Exercise objective –
Would you copy all lines in the data that contain the word "blast"?

◆ ◆ ◆ ◆ ◆ ◆ ◆

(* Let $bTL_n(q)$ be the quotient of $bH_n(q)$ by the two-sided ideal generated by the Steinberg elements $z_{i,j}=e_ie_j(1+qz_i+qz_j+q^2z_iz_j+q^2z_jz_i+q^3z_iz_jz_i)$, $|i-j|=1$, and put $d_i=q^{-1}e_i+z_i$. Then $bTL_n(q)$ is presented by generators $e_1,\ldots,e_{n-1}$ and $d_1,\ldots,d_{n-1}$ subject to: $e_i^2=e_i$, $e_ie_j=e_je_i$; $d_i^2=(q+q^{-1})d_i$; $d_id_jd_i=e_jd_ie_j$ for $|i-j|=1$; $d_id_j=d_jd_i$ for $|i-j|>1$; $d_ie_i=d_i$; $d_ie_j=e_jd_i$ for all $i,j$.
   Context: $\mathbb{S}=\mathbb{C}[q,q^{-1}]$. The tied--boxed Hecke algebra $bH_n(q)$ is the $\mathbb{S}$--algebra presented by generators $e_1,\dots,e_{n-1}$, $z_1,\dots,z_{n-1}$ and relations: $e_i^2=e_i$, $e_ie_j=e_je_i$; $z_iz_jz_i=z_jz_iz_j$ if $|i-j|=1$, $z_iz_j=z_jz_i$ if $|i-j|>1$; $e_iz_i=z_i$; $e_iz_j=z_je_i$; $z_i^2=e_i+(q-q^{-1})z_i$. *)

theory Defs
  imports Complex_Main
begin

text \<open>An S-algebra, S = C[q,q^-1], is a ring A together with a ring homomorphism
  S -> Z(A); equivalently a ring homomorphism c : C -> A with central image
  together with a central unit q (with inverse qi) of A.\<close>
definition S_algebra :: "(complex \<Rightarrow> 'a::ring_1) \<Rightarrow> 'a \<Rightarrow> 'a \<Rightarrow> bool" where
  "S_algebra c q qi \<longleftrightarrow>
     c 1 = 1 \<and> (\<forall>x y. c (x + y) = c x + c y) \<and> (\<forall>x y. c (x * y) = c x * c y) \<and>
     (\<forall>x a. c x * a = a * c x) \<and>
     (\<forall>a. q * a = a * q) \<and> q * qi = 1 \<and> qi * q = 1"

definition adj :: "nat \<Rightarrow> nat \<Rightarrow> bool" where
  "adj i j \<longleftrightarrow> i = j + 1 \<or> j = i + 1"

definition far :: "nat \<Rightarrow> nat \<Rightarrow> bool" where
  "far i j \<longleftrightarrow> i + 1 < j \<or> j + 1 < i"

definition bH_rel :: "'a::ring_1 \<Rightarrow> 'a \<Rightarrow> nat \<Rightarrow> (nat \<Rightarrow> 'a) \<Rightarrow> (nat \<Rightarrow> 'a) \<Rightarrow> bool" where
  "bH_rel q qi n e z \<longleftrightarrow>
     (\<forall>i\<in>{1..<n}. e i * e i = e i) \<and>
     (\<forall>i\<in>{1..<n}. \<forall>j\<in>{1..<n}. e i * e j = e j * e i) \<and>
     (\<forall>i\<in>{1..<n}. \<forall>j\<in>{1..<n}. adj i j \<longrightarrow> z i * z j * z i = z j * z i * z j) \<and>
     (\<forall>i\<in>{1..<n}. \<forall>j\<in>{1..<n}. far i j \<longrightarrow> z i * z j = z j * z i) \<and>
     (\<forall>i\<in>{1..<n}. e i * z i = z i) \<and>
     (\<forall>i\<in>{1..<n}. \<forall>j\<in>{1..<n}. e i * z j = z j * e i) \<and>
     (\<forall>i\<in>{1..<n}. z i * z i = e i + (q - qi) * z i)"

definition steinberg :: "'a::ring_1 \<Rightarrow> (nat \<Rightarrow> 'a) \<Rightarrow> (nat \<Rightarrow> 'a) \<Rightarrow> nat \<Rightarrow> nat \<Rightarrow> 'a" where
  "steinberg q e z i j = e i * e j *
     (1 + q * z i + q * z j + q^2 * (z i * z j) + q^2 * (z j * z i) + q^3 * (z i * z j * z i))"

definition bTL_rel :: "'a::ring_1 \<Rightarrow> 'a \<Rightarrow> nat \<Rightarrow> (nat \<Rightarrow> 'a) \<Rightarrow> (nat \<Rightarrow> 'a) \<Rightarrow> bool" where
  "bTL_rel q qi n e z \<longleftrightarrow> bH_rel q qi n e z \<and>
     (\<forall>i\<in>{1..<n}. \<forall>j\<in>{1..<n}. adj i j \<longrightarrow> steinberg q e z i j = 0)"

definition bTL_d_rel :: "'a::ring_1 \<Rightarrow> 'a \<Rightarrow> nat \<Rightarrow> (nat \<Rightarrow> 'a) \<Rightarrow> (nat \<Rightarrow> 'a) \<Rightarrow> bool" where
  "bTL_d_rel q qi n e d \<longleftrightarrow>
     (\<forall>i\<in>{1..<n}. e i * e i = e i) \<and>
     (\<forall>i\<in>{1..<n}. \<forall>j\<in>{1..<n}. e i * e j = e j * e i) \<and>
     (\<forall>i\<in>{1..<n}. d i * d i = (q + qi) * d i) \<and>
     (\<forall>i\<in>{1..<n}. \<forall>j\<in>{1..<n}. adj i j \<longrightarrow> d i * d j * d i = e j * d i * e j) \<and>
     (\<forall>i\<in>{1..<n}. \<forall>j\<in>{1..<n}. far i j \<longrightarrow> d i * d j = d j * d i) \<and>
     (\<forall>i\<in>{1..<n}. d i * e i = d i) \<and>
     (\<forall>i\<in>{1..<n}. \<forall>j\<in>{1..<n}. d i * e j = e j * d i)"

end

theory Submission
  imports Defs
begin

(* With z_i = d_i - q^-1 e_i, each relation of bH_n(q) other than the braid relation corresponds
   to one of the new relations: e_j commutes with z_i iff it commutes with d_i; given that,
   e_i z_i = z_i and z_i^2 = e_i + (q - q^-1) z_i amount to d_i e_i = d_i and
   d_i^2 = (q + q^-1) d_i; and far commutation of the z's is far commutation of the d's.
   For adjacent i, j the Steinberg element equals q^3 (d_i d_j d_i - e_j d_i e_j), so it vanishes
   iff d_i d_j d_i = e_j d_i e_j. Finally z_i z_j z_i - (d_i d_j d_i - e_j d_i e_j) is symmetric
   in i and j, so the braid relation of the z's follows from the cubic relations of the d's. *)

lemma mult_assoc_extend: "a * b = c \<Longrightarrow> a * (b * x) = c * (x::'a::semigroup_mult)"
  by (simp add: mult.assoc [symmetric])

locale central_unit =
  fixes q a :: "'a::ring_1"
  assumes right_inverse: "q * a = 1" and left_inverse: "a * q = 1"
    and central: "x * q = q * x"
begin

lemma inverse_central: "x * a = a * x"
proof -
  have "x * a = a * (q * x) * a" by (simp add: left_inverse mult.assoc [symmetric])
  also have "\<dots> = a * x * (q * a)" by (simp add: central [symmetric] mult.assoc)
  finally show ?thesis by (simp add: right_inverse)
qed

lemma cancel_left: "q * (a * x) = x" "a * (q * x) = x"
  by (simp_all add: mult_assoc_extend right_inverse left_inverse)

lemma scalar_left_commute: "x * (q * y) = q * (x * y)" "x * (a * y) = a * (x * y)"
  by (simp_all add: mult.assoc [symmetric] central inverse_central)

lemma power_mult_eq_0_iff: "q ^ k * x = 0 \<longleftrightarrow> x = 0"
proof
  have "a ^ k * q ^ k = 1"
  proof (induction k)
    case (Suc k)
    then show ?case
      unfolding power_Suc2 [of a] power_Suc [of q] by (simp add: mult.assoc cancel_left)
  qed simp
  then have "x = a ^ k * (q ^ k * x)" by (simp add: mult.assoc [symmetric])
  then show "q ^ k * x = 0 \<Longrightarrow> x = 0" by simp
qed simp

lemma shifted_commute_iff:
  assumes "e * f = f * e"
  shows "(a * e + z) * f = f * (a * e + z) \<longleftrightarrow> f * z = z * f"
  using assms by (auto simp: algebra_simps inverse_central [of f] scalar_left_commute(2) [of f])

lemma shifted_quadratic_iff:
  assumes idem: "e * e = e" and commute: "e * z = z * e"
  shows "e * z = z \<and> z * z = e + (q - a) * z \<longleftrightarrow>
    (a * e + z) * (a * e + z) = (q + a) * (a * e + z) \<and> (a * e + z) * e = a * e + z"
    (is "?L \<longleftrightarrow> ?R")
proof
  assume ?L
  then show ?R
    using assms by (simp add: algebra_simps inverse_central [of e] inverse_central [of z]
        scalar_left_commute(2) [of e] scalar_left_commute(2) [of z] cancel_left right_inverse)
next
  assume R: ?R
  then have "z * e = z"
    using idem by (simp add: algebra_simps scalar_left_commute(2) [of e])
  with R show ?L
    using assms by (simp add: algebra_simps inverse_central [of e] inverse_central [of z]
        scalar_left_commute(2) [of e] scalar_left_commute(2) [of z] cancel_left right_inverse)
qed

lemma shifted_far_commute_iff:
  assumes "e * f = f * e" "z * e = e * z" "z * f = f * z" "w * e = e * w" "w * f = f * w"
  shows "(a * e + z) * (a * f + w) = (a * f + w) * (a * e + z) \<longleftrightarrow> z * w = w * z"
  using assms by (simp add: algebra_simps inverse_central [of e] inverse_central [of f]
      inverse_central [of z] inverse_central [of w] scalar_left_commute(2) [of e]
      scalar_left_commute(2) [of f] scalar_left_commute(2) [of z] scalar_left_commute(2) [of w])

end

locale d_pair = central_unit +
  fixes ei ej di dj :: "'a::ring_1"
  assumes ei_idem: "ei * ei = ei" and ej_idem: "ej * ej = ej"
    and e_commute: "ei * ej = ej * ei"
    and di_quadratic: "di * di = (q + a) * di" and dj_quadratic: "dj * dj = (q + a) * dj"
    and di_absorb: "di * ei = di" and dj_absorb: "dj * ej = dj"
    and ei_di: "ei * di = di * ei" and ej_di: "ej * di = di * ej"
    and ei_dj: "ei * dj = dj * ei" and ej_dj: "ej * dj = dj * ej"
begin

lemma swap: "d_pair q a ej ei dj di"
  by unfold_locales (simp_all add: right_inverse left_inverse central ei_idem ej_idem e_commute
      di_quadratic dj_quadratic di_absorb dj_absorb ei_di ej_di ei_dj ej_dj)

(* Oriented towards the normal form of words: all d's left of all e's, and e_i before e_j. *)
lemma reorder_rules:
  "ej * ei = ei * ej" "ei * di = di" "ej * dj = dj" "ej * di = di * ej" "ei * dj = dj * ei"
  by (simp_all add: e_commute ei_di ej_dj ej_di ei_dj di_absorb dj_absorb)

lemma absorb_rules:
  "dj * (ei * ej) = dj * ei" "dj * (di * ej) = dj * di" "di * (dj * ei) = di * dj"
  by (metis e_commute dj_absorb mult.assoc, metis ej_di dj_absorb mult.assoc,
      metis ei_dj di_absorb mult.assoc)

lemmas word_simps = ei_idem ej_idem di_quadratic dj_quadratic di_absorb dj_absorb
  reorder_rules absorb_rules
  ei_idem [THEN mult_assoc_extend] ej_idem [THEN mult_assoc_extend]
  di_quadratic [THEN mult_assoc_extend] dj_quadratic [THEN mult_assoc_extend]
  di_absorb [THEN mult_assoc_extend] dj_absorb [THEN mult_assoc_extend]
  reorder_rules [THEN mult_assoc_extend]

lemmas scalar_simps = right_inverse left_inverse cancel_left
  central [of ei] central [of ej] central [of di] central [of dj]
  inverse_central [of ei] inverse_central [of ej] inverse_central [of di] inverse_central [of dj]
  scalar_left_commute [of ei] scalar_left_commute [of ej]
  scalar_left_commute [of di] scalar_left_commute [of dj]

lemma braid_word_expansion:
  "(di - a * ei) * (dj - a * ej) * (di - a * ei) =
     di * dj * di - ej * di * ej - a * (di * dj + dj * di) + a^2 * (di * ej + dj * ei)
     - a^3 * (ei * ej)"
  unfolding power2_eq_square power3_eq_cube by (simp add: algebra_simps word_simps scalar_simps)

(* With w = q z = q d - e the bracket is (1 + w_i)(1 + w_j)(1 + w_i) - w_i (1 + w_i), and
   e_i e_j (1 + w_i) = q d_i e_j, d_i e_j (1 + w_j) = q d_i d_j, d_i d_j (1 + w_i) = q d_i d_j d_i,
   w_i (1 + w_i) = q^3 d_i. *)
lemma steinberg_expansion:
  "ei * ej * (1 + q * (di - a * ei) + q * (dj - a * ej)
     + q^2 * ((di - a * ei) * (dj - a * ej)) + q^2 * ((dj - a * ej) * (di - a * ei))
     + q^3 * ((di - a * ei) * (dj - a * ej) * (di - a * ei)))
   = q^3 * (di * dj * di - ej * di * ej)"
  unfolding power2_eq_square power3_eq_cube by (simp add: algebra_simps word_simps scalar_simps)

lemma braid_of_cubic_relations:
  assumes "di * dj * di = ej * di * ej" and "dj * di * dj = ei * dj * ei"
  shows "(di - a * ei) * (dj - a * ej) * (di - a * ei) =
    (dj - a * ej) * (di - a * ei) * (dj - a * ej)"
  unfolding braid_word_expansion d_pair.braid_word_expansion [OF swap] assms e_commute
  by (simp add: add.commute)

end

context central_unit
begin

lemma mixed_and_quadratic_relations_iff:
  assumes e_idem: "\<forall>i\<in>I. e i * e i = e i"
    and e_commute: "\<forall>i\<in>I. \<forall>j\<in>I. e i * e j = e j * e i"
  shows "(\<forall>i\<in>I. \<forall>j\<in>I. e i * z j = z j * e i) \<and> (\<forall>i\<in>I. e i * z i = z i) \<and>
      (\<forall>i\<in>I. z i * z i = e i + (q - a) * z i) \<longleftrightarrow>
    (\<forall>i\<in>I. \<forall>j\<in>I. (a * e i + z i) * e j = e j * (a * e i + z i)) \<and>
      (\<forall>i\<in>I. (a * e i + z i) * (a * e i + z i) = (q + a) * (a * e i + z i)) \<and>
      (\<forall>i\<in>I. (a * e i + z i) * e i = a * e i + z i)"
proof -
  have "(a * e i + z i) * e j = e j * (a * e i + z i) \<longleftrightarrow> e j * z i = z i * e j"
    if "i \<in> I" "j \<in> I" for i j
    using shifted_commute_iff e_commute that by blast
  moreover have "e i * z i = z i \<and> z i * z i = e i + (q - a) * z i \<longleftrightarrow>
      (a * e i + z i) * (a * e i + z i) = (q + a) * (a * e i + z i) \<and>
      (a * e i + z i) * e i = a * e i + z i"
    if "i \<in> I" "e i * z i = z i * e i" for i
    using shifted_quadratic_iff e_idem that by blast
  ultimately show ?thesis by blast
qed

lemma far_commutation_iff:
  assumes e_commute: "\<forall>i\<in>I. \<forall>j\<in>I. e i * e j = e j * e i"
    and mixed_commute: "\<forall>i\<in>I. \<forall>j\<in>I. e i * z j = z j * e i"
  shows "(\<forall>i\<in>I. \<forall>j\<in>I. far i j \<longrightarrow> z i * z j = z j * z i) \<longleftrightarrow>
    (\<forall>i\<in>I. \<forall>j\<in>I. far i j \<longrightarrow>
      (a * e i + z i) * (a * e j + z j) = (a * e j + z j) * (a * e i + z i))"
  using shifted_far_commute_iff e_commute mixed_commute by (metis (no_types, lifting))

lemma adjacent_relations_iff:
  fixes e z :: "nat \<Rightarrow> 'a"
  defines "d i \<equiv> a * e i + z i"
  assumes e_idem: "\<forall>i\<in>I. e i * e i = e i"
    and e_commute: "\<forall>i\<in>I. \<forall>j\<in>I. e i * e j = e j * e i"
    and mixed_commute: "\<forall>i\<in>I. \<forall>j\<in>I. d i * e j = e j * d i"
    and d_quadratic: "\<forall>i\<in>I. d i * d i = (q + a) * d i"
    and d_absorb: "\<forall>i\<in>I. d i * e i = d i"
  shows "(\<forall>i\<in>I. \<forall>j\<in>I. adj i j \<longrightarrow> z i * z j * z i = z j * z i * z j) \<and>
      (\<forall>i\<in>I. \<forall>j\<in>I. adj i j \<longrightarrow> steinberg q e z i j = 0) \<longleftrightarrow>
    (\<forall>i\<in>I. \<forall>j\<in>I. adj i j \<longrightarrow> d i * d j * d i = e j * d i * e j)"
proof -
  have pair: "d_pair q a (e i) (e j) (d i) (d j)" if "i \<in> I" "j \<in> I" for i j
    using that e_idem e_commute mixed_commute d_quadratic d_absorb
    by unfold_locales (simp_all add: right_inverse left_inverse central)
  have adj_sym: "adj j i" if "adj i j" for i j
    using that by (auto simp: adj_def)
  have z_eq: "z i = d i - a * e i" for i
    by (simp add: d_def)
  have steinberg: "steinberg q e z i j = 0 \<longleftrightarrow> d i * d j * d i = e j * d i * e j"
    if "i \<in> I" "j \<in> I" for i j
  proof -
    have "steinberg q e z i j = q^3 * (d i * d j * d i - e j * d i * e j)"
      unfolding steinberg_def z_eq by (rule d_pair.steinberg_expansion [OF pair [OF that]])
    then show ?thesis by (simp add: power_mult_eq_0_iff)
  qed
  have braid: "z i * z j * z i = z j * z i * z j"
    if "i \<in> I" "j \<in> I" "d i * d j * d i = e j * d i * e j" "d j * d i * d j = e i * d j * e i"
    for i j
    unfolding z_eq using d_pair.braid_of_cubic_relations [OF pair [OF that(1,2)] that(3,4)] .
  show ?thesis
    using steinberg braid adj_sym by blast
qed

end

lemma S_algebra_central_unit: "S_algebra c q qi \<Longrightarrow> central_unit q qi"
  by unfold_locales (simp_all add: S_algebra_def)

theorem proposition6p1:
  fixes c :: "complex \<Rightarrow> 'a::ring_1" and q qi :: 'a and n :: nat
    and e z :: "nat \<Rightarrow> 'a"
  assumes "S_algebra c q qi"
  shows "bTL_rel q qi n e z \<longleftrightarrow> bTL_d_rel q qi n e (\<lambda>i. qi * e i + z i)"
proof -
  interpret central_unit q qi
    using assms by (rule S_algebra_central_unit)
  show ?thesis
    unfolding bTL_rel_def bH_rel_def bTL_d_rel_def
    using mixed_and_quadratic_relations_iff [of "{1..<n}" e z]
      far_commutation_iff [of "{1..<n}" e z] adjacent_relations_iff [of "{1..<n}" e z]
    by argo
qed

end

◆ ◆ ◆ ◆ ◆ ◆ ◆

Your response –
    using shifted_commute_iff e_commute that by blast
    using shifted_quadratic_iff e_idem that by blast
  ultimately show ?thesis by blast
    using steinberg braid adj_sym by blast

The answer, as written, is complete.